THE TASK:
Return the following from the records below: each line, word for word, starting with the line that contains "ultimately show ?thesis" and going on through the line that contains "using class_cong_dist[OF T]", with nothing outside that range.

Top of SUPPLIED RECORDS

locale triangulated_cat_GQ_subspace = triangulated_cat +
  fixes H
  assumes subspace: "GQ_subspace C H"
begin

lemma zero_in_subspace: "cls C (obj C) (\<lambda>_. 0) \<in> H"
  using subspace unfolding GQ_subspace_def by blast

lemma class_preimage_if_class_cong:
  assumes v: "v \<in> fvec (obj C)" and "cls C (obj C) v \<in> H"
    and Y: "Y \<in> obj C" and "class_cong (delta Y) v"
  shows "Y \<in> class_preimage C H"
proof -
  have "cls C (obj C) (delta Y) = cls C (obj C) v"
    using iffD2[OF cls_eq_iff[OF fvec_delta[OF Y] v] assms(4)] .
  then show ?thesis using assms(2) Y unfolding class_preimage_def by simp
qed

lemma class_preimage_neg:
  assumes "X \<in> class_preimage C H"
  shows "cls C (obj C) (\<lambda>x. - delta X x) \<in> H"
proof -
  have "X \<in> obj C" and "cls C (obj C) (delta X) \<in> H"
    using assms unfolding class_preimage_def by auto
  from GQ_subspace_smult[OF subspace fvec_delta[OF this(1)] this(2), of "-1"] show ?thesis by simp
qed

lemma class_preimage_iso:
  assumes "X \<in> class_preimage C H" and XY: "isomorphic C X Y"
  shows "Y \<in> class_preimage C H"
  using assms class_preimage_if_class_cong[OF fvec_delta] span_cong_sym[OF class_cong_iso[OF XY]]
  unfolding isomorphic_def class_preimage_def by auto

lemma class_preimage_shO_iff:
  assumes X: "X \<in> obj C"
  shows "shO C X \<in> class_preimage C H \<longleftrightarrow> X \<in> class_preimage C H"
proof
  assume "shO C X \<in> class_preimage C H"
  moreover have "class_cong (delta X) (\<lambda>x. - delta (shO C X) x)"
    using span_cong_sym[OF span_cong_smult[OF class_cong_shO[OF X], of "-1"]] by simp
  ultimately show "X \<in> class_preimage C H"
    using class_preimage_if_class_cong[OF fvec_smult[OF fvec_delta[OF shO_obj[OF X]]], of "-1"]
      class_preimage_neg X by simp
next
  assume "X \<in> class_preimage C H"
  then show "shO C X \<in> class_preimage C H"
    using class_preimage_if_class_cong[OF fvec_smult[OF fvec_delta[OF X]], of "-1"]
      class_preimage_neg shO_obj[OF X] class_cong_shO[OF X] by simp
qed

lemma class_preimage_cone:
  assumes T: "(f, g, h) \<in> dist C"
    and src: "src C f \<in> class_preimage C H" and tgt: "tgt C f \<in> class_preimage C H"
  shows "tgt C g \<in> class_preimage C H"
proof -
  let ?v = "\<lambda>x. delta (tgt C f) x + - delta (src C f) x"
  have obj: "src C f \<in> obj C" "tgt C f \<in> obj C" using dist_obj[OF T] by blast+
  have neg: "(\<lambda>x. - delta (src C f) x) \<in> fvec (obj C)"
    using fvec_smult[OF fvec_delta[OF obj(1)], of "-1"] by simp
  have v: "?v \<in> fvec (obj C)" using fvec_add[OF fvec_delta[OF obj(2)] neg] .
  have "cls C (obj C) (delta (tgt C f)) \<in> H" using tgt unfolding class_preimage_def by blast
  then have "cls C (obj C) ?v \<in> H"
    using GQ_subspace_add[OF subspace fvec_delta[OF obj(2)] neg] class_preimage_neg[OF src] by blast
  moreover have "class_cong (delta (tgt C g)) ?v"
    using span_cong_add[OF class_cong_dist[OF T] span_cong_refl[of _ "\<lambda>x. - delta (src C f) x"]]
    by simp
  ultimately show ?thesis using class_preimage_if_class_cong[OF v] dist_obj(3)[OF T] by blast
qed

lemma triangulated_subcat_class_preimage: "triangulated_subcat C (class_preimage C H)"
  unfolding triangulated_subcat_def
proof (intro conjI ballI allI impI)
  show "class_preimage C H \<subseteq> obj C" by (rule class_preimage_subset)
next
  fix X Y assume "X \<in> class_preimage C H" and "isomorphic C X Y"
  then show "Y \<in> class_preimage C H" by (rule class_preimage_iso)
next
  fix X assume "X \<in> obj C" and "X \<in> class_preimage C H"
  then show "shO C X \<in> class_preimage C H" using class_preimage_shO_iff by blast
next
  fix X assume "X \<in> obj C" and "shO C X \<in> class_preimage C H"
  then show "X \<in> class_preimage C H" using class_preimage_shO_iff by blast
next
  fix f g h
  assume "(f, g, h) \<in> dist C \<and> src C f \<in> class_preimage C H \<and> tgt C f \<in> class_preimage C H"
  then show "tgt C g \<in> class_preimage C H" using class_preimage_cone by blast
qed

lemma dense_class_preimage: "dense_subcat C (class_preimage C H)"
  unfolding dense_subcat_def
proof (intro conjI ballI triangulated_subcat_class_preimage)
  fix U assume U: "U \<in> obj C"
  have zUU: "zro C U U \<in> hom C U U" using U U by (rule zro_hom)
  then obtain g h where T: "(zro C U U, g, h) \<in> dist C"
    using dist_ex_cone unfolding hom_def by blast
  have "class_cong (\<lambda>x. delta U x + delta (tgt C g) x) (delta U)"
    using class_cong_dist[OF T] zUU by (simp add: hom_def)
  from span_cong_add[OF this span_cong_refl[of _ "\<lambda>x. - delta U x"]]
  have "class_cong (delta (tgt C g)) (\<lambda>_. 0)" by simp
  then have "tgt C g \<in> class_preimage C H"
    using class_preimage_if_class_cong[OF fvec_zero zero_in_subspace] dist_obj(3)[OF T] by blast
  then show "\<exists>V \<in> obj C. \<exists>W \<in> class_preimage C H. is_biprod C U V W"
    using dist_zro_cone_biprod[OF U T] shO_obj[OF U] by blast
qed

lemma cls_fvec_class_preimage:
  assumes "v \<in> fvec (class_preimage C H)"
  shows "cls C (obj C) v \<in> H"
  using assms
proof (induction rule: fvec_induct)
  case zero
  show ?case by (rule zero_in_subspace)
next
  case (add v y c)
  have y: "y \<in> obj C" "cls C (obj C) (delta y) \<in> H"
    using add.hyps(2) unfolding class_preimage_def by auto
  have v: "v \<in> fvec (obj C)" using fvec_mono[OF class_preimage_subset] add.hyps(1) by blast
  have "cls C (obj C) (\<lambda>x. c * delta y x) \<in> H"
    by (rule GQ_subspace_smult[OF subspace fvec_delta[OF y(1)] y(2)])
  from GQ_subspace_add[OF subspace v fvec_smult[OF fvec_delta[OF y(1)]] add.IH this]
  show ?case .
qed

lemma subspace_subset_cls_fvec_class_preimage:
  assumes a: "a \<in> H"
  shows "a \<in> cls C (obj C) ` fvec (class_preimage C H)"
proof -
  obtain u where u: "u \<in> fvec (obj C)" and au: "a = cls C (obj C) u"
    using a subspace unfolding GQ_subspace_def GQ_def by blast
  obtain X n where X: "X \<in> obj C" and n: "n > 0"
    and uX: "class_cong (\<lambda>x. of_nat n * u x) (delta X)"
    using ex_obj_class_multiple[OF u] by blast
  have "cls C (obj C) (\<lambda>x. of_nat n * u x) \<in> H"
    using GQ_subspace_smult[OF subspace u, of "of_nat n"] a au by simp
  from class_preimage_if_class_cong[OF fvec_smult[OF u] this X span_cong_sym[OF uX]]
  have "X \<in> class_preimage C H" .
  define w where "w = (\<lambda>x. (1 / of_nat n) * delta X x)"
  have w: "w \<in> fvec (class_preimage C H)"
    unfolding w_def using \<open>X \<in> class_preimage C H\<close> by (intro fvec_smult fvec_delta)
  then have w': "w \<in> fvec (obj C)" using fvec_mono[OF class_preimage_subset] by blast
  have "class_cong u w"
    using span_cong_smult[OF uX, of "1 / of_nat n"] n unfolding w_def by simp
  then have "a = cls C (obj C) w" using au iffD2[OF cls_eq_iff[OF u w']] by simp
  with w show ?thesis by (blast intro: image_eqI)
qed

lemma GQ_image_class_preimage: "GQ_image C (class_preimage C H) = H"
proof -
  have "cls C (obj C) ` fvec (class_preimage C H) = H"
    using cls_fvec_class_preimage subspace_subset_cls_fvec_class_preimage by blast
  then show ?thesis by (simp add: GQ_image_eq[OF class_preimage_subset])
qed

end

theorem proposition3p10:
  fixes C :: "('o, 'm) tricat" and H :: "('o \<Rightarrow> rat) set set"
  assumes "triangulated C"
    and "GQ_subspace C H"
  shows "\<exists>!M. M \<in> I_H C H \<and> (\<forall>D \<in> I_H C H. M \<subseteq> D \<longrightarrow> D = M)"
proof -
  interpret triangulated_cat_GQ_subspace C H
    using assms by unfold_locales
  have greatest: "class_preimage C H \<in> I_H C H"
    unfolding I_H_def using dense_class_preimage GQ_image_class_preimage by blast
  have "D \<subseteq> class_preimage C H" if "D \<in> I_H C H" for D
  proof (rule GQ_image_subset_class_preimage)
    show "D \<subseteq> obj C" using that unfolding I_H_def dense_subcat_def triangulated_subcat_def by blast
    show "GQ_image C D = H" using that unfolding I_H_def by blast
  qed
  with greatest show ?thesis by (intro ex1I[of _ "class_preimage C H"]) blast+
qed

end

Bottom of SUPPLIED RECORDS

WRITTEN SOLUTION:
  ultimately show ?thesis using class_preimage_if_class_cong[OF v] dist_obj(3)[OF T] by blast
qed

lemma triangulated_subcat_class_preimage: "triangulated_subcat C (class_preimage C H)"
  unfolding triangulated_subcat_def
proof (intro conjI ballI allI impI)
  show "class_preimage C H \<subseteq> obj C" by (rule class_preimage_subset)
next
  fix X Y assume "X \<in> class_preimage C H" and "isomorphic C X Y"
  then show "Y \<in> class_preimage C H" by (rule class_preimage_iso)
next
  fix X assume "X \<in> obj C" and "X \<in> class_preimage C H"
  then show "shO C X \<in> class_preimage C H" using class_preimage_shO_iff by blast
next
  fix X assume "X \<in> obj C" and "shO C X \<in> class_preimage C H"
  then show "X \<in> class_preimage C H" using class_preimage_shO_iff by blast
next
  fix f g h
  assume "(f, g, h) \<in> dist C \<and> src C f \<in> class_preimage C H \<and> tgt C f \<in> class_preimage C H"
  then show "tgt C g \<in> class_preimage C H" using class_preimage_cone by blast
qed

lemma dense_class_preimage: "dense_subcat C (class_preimage C H)"
  unfolding dense_subcat_def
proof (intro conjI ballI triangulated_subcat_class_preimage)
  fix U assume U: "U \<in> obj C"
  have zUU: "zro C U U \<in> hom C U U" using U U by (rule zro_hom)
  then obtain g h where T: "(zro C U U, g, h) \<in> dist C"
    using dist_ex_cone unfolding hom_def by blast
  have "class_cong (\<lambda>x. delta U x + delta (tgt C g) x) (delta U)"
    using class_cong_dist[OF T] zUU by (simp add: hom_def)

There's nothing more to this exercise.